Start of Records provided

(* Consider an instance of the Unknown Value Probing (UVP) problem (defined in the context) with finite configuration set $\mathcal{X}\subset\mathbb{R}^d$, maximum per-configuration budget $T\in\mathbb{N}$, total budget $B$, and unknown value function $A$ satisfying the monotonicity and smoothness assumptions with parameter $\epsilon>0$. Let $k=\lfloor B/T\rfloor$ and let $r_k^\star$ be the optimal $k$-center radius of $\mathcal{X}$. Then the algorithm FullCent achieves a $(1-2\epsilon r_k^\star)$-approximation for the UVP problem: the configuration $\hat{\mathbf{x}}$ it returns satisfies $A(\hat{\mathbf{x}},T)\ge (1-2\epsilon r_k^\star)\,A(\mathbf{x}^\star,T)$, where $\mathbf{x}^\star\in\arg\max_{\mathbf{x}\in\mathcal{X}}A(\mathbf{x},T)$.
   Context: UVP problem: $A:\mathbb{R}^d\times[T]\to[0,1]$ is an unknown function ($[T]=\{1,\dots,T\}$); $\mathcal{X}=\{\mathbf{x}_1,\dots,\mathbf{x}_n\}\subset\mathbb{R}^d$ is known. The goal is $\max_{b_1,\dots,b_n}\max_{i}A(\mathbf{x}_i,b_i)$ subject to $\sum_i b_i\le B$, $b_i\in[T]$. Values are revealed only by evaluation; obtaining $A(\mathbf{x},b)$ requires evaluating $A(\mathbf{x},1),\dots,A(\mathbf{x},b)$ sequentially, costing $b$ units of budget. Assumption 1 (monotonicity): for every $\mathbf{x}$, $b_1\le b_2\Rightarrow A(\mathbf{x},b_1)\le A(\mathbf{x},b_2)$. Assumption 2 (smoothness): for all $\mathbf{x}_i,\mathbf{x}_j\in\mathcal{X}$, $\min_{b\in[T]} A(\mathbf{x}_i,b)/A(\mathbf{x}_j,b)\ge 1-\epsilon\|\mathbf{x}_i-\mathbf{x}_j\|_2$, with the conventions that the ratio is $1$ if both values are $0$ and $+\infty$ if $A(\mathbf{x}_j,b)=0<A(\mathbf{x}_i,b)$. The optimal $k$-center radius is $r_k^\star=\min_{\mathcal{C}\subseteq\mathcal{X},|\mathcal{C}|=k}\max_{\mathbf{x}\in\mathcal{X}}\min_{\mathbf{c}\in\mathcal{C}}\|\mathbf{x}-\mathbf{c}\|_2$. Greedy $k$-center $\textsc{KCenter}(k,\mathcal{C},\mathcal{X})$: starting from $\mathcal{C}^{(0)}=\mathcal{C}$, for $i=1,\dots,k$ choose $\mathbf{c}_i\in\arg\max_{\mathbf{x}\in\mathcal{X}\setminus\mathcal{C}^{(i-1)}}\min_{\mathbf{c}\in\mathcal{C}^{(i-1)}}\|\mathbf{x}-\mathbf{c}\|_2$ (a minimum over the empty set is $+\infty$, ties broken arbitrarily), set $\mathcal{C}^{(i)}=\mathcal{C}^{(i-1)}\cup\{\mathbf{c}_i\}$, and return the new centers $\{\mathbf{c}_1,\dots,\mathbf{c}_k\}$. FullCent$(B,T,\mathcal{X})$: set $k=\lfloor B/T\rfloor$, compute $\mathcal{C}=\textsc{KCenter}(k,\emptyset,\mathcal{X})$, evaluate each $\mathbf{c}\in\mathcal{C}$ at budgets $1,\dots,T$, and return $\arg\max_{\mathbf{c}\in\mathcal{C}}A(\mathbf{c},T)$. *)

theory Defs
  imports "HOL-Analysis.Analysis"
begin

definition uvp_ratio :: "real \<Rightarrow> real \<Rightarrow> ereal" where
  "uvp_ratio a b = (if a = 0 \<and> b = 0 then 1 else if b = 0 then \<infinity> else ereal (a / b))"

definition uvp_monotone :: "('x \<Rightarrow> nat \<Rightarrow> real) \<Rightarrow> nat \<Rightarrow> bool" where
  "uvp_monotone A T \<longleftrightarrow> (\<forall>x b1 b2. b1 \<in> {1..T} \<longrightarrow> b2 \<in> {1..T} \<longrightarrow> b1 \<le> b2 \<longrightarrow> A x b1 \<le> A x b2)"

definition uvp_smooth :: "('x::real_normed_vector \<Rightarrow> nat \<Rightarrow> real) \<Rightarrow> nat \<Rightarrow> real \<Rightarrow> 'x set \<Rightarrow> bool" where
  "uvp_smooth A T eps X \<longleftrightarrow>
     (\<forall>xi\<in>X. \<forall>xj\<in>X. (MIN b\<in>{1..T}. uvp_ratio (A xi b) (A xj b)) \<ge> ereal (1 - eps * norm (xi - xj)))"

definition min_dist :: "'x::real_normed_vector set \<Rightarrow> 'x \<Rightarrow> ereal" where
  "min_dist P x = (if P = {} then \<infinity> else ereal (Min ((\<lambda>c. norm (x - c)) ` P)))"

definition kcenter_radius :: "'x::real_normed_vector set \<Rightarrow> 'x set \<Rightarrow> real" where
  "kcenter_radius X C = (MAX x\<in>X. MIN c\<in>C. norm (x - c))"

definition opt_kcenter_radius :: "nat \<Rightarrow> 'x::real_normed_vector set \<Rightarrow> real" where
  "opt_kcenter_radius k X = Min {kcenter_radius X C | C. C \<subseteq> X \<and> card C = k}"

text \<open>c 1, ..., c k is a possible run of the greedy KCenter(k, C0, X) (arbitrary tie breaking);
  the returned centers are c ` {1..k}.\<close>
definition greedy_kcenter :: "nat \<Rightarrow> 'x::real_normed_vector set \<Rightarrow> 'x set \<Rightarrow> (nat \<Rightarrow> 'x) \<Rightarrow> bool" where
  "greedy_kcenter k C0 X c \<longleftrightarrow>
     (\<forall>i\<in>{1..k}. let P = C0 \<union> c ` {1..<i} in
        c i \<in> X - P \<and> (\<forall>x\<in>X - P. min_dist P x \<le> min_dist P (c i)))"

definition fullcent_output :: "('x::real_normed_vector \<Rightarrow> nat \<Rightarrow> real) \<Rightarrow> nat \<Rightarrow> nat \<Rightarrow> 'x set \<Rightarrow> 'x \<Rightarrow> bool" where
  "fullcent_output A B T X xhat \<longleftrightarrow>
     (\<exists>c. greedy_kcenter (B div T) {} X c \<and> xhat \<in> c ` {1..B div T} \<and>
          (\<forall>y\<in>c ` {1..B div T}. A y T \<le> A xhat T))"

end

theory Submission
  imports Defs
begin

text \<open>Greedy k-center is a 2-approximation (Gonzalez): if some point x were farther than
  2 r from every greedy center, where r is the optimal k-center radius, then each greedy
  center was chosen farther than 2 r from all earlier ones, so x and the k greedy centers
  would be k + 1 points pairwise more than 2 r apart. An optimal set of k centers covers
  them by balls of radius r, and two of them would share a ball. Hence the best point x*
  lies within 2 r of some greedy center c, smoothness at budget T gives
  A(c, T) \<ge> (1 - 2 \<epsilon> r) A(x*, T), and the returned center is at least as good as c.\<close>

lemma opt_kcenter_radius_covers:
  fixes X :: "'x::real_normed_vector set"
  assumes "finite X" and "1 \<le> k" and "k \<le> card X"
  obtains C where "C \<subseteq> X" "card C = k" "\<And>x. x \<in> X \<Longrightarrow> \<exists>c\<in>C. norm (x - c) \<le> opt_kcenter_radius k X"
proof -
  let ?R = "{kcenter_radius X C | C. C \<subseteq> X \<and> card C = k}"
  have "?R \<subseteq> kcenter_radius X ` Pow X"
    by auto
  then have "finite ?R"
    using \<open>finite X\<close> by (meson finite_Pow_iff finite_imageI finite_subset)
  moreover obtain C0 where "C0 \<subseteq> X" "card C0 = k"
    using \<open>k \<le> card X\<close> by (meson obtain_subset_with_card_n)
  ultimately have "opt_kcenter_radius k X \<in> ?R"
    unfolding opt_kcenter_radius_def by (intro Min_in) auto
  then obtain C where C: "C \<subseteq> X" "card C = k" "kcenter_radius X C = opt_kcenter_radius k X"
    by auto
  have "finite C" "C \<noteq> {}"
    using C \<open>finite X\<close> \<open>1 \<le> k\<close> finite_subset by auto
  have "\<exists>c\<in>C. norm (x - c) \<le> opt_kcenter_radius k X" if "x \<in> X" for x
  proof -
    have "(MIN c\<in>C. norm (x - c)) \<le> opt_kcenter_radius k X"
      using C(3) \<open>finite X\<close> that unfolding kcenter_radius_def by (metis Max_ge finite_imageI imageI)
    moreover have "(MIN c\<in>C. norm (x - c)) \<in> (\<lambda>c. norm (x - c)) ` C"
      using \<open>finite C\<close> \<open>C \<noteq> {}\<close> by (intro Min_in) auto
    ultimately show ?thesis
      by auto
  qed
  then show ?thesis
    using that C(1,2) by blast
qed

lemma card_le_of_separated_cover:
  fixes S C :: "'x::real_normed_vector set"
  assumes "finite C"
    and cover: "\<And>x. x \<in> S \<Longrightarrow> \<exists>c\<in>C. norm (x - c) \<le> r"
    and separated: "\<And>p q. p \<in> S \<Longrightarrow> q \<in> S \<Longrightarrow> p \<noteq> q \<Longrightarrow> 2 * r < norm (p - q)"
  shows "card S \<le> card C"
proof -
  obtain f where f: "\<And>x. x \<in> S \<Longrightarrow> f x \<in> C \<and> norm (x - f x) \<le> r"
    using cover by metis
  have "inj_on f S"
  proof (rule inj_onI, rule ccontr)
    fix p q
    assume "p \<in> S" "q \<in> S" "f p = f q" "p \<noteq> q"
    then have "norm (p - q) \<le> r + r"
      using f[of p] f[of q] by (metis norm_diff_triangle_le norm_minus_commute)
    then show False
      using separated \<open>p \<in> S\<close> \<open>q \<in> S\<close> \<open>p \<noteq> q\<close> by fastforce
  qed
  then show ?thesis
    using f \<open>finite C\<close> by (intro card_inj_on_le) auto
qed

lemma greedy_kcenter_in:
  assumes "greedy_kcenter k C0 X c" and "i \<in> {1..k}"
  shows "c i \<in> X - (C0 \<union> c ` {1..<i})"
  using assms unfolding greedy_kcenter_def Let_def by auto

lemma greedy_kcenter_inj_on:
  assumes "greedy_kcenter k C0 X c"
  shows "inj_on c {1..k}"
proof -
  have earlier: "c i \<noteq> c j" if "i \<in> {1..<j}" "j \<in> {1..k}" for i j
    using greedy_kcenter_in[OF assms \<open>j \<in> {1..k}\<close>] \<open>i \<in> {1..<j}\<close> by (metis DiffD2 UnI2 imageI)
  show ?thesis
  proof (rule inj_onI)
    fix i j
    assume "i \<in> {1..k}" "j \<in> {1..k}" "c i = c j"
    then show "i = j"
      using earlier[of i j] earlier[of j i] by (cases i j rule: linorder_cases) auto
  qed
qed

lemma greedy_kcenter_separated:
  fixes X :: "'x::real_normed_vector set"
  assumes greedy: "greedy_kcenter k {} X c" and "x \<in> X" and "0 \<le> \<rho>"
    and far: "\<And>i. i \<in> {1..k} \<Longrightarrow> \<rho> < norm (x - c i)"
    and "i \<in> {1..k}" "j \<in> {1..k}" "i \<noteq> j"
  shows "\<rho> < norm (c i - c j)"
proof -
  have earlier: "\<rho> < norm (c j - c i)" if "i \<in> {1..<j}" "j \<in> {1..k}" for i j
  proof -
    let ?P = "c ` {1..<j}"
    have "?P \<noteq> {}" "c i \<in> ?P"
      using that by auto
    have "x \<notin> ?P"
      using far \<open>0 \<le> \<rho>\<close> \<open>j \<in> {1..k}\<close> by fastforce
    then have "min_dist ?P x \<le> min_dist ?P (c j)"
      using greedy \<open>x \<in> X\<close> \<open>j \<in> {1..k}\<close> unfolding greedy_kcenter_def Let_def by auto
    then have "Min ((\<lambda>p. norm (x - p)) ` ?P) \<le> Min ((\<lambda>p. norm (c j - p)) ` ?P)"
      using \<open>?P \<noteq> {}\<close> unfolding min_dist_def by simp
    moreover have "\<rho> < Min ((\<lambda>p. norm (x - p)) ` ?P)"
      using far \<open>?P \<noteq> {}\<close> \<open>j \<in> {1..k}\<close> by (subst Min_gr_iff) auto
    moreover have "Min ((\<lambda>p. norm (c j - p)) ` ?P) \<le> norm (c j - c i)"
      using \<open>c i \<in> ?P\<close> by (intro Min_le) auto
    ultimately show ?thesis
      by linarith
  qed
  show ?thesis
    using earlier[of i j] earlier[of j i] assms(5-7) by (cases "i < j") (auto simp: norm_minus_commute)
qed

theorem greedy_kcenter_covers:
  fixes X :: "'x::real_normed_vector set"
  assumes "finite X" and "1 \<le> k" and "k \<le> card X"
    and greedy: "greedy_kcenter k {} X c" and "x \<in> X"
  shows "\<exists>i\<in>{1..k}. norm (x - c i) \<le> 2 * opt_kcenter_radius k X"
proof (rule ccontr)
  define r where "r = opt_kcenter_radius k X"
  assume "\<not> ?thesis"
  then have far: "\<And>i. i \<in> {1..k} \<Longrightarrow> 2 * r < norm (x - c i)"
    unfolding r_def by (meson not_le)
  obtain C where C: "C \<subseteq> X" "card C = k" and cover: "\<And>y. y \<in> X \<Longrightarrow> \<exists>c\<in>C. norm (y - c) \<le> r"
    using opt_kcenter_radius_covers[OF assms(1-3)] unfolding r_def by metis
  have "0 \<le> r"
    using cover[OF \<open>x \<in> X\<close>] norm_ge_zero order_trans by blast
  define S where "S = insert x (c ` {1..k})"
  have "x \<notin> c ` {1..k}"
    using far \<open>0 \<le> r\<close> by fastforce
  then have "card S = k + 1"
    unfolding S_def using greedy_kcenter_inj_on[OF greedy] by (simp add: card_image)
  have "S \<subseteq> X"
    unfolding S_def using \<open>x \<in> X\<close> greedy_kcenter_in[OF greedy] by auto
  have separated: "2 * r < norm (p - q)" if "p \<in> S" "q \<in> S" "p \<noteq> q" for p q
  proof -
    consider "p = x" | "q = x" | i j where "p = c i" "q = c j" "i \<in> {1..k}" "j \<in> {1..k}"
      using \<open>p \<in> S\<close> \<open>q \<in> S\<close> unfolding S_def by blast
    then show ?thesis
    proof cases
      case 1
      with \<open>q \<in> S\<close> \<open>p \<noteq> q\<close> obtain j where "j \<in> {1..k}" "q = c j"
        unfolding S_def by auto
      then show ?thesis
        using far 1 by blast
    next
      case 2
      with \<open>p \<in> S\<close> \<open>p \<noteq> q\<close> obtain i where "i \<in> {1..k}" "p = c i"
        unfolding S_def by auto
      then show ?thesis
        using far[of i] 2 by (simp add: norm_minus_commute)
    next
      case 3
      with \<open>p \<noteq> q\<close> have "i \<noteq> j"
        by blast
      then show ?thesis
        using greedy_kcenter_separated[where \<rho> = "2 * r", OF greedy \<open>x \<in> X\<close> _ far] 3 \<open>0 \<le> r\<close>
        by simp
    qed
  qed
  have "card S \<le> card C"
  proof (rule card_le_of_separated_cover[OF _ _ separated])
    show "finite C"
      using C(1) \<open>finite X\<close> by (rule finite_subset)
    show "\<exists>c\<in>C. norm (y - c) \<le> r" if "y \<in> S" for y
      using cover \<open>S \<subseteq> X\<close> that by blast
  qed
  then show False
    using \<open>card S = k + 1\<close> C(2) by simp
qed

lemma uvp_smooth_lower_bound:
  assumes "uvp_smooth A T eps X" and "xi \<in> X" "xj \<in> X" and "b \<in> {1..T}"
    and "0 \<le> A xi b" "0 \<le> A xj b"
  shows "(1 - eps * norm (xi - xj)) * A xj b \<le> A xi b"
proof (cases "A xj b = 0")
  case False
  have "ereal (1 - eps * norm (xi - xj)) \<le> (MIN b\<in>{1..T}. uvp_ratio (A xi b) (A xj b))"
    using assms(1-3) unfolding uvp_smooth_def by blast
  also have "\<dots> \<le> uvp_ratio (A xi b) (A xj b)"
    using \<open>b \<in> {1..T}\<close> by (intro Min_le) auto
  finally have "1 - eps * norm (xi - xj) \<le> A xi b / A xj b"
    using False unfolding uvp_ratio_def by auto
  then show ?thesis
    using False \<open>0 \<le> A xj b\<close> by (simp add: field_simps)
qed (use \<open>0 \<le> A xi b\<close> in simp)

theorem theorem4:
  fixes X :: "(real ^ 'd) set" and A :: "real ^ 'd \<Rightarrow> nat \<Rightarrow> real"
    and B T :: nat and eps :: real and xhat xstar :: "real ^ 'd"
  assumes "finite X"
    and "T \<ge> 1"
    and "1 \<le> B div T" and "B div T \<le> card X"
    and "\<forall>x b. b \<in> {1..T} \<longrightarrow> A x b \<in> {0..1}"
    and "uvp_monotone A T"
    and "eps > 0" and "uvp_smooth A T eps X"
    and "fullcent_output A B T X xhat"
    and "xstar \<in> X" and "\<forall>x\<in>X. A x T \<le> A xstar T"
  shows "A xhat T \<ge> (1 - 2 * eps * opt_kcenter_radius (B div T) X) * A xstar T"
proof -
  define r where "r = opt_kcenter_radius (B div T) X"
  obtain c where greedy: "greedy_kcenter (B div T) {} X c"
    and best: "\<forall>y\<in>c ` {1..B div T}. A y T \<le> A xhat T"
    using assms(9) unfolding fullcent_output_def by blast
  obtain i where i: "i \<in> {1..B div T}" "norm (c i - xstar) \<le> 2 * r"
    using greedy_kcenter_covers[OF assms(1,3,4) greedy assms(10)]
    unfolding r_def by (auto simp: norm_minus_commute)
  have nonneg: "0 \<le> A x T" for x
    using assms(2,5) by auto
  have "(1 - 2 * eps * r) * A xstar T \<le> (1 - eps * norm (c i - xstar)) * A xstar T"
    using i(2) \<open>eps > 0\<close> nonneg by (intro mult_right_mono) auto
  also have "\<dots> \<le> A (c i) T"
    using uvp_smooth_lower_bound[OF assms(8) _ assms(10)] greedy_kcenter_in[OF greedy i(1)]
      assms(2) nonneg by auto
  also have "\<dots> \<le> A xhat T"
    using best i(1) by auto
  finally show ?thesis
    unfolding r_def .
qed

end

End of Records provided

→ Problem requirements: Across the entries above, find each line with the word "would" and please copy it out.

→ Exercise result:
  would be k + 1 points pairwise more than 2 r apart. An optimal set of k centers covers
  them by balls of radius r, and two of them would share a ball. Hence the best point x*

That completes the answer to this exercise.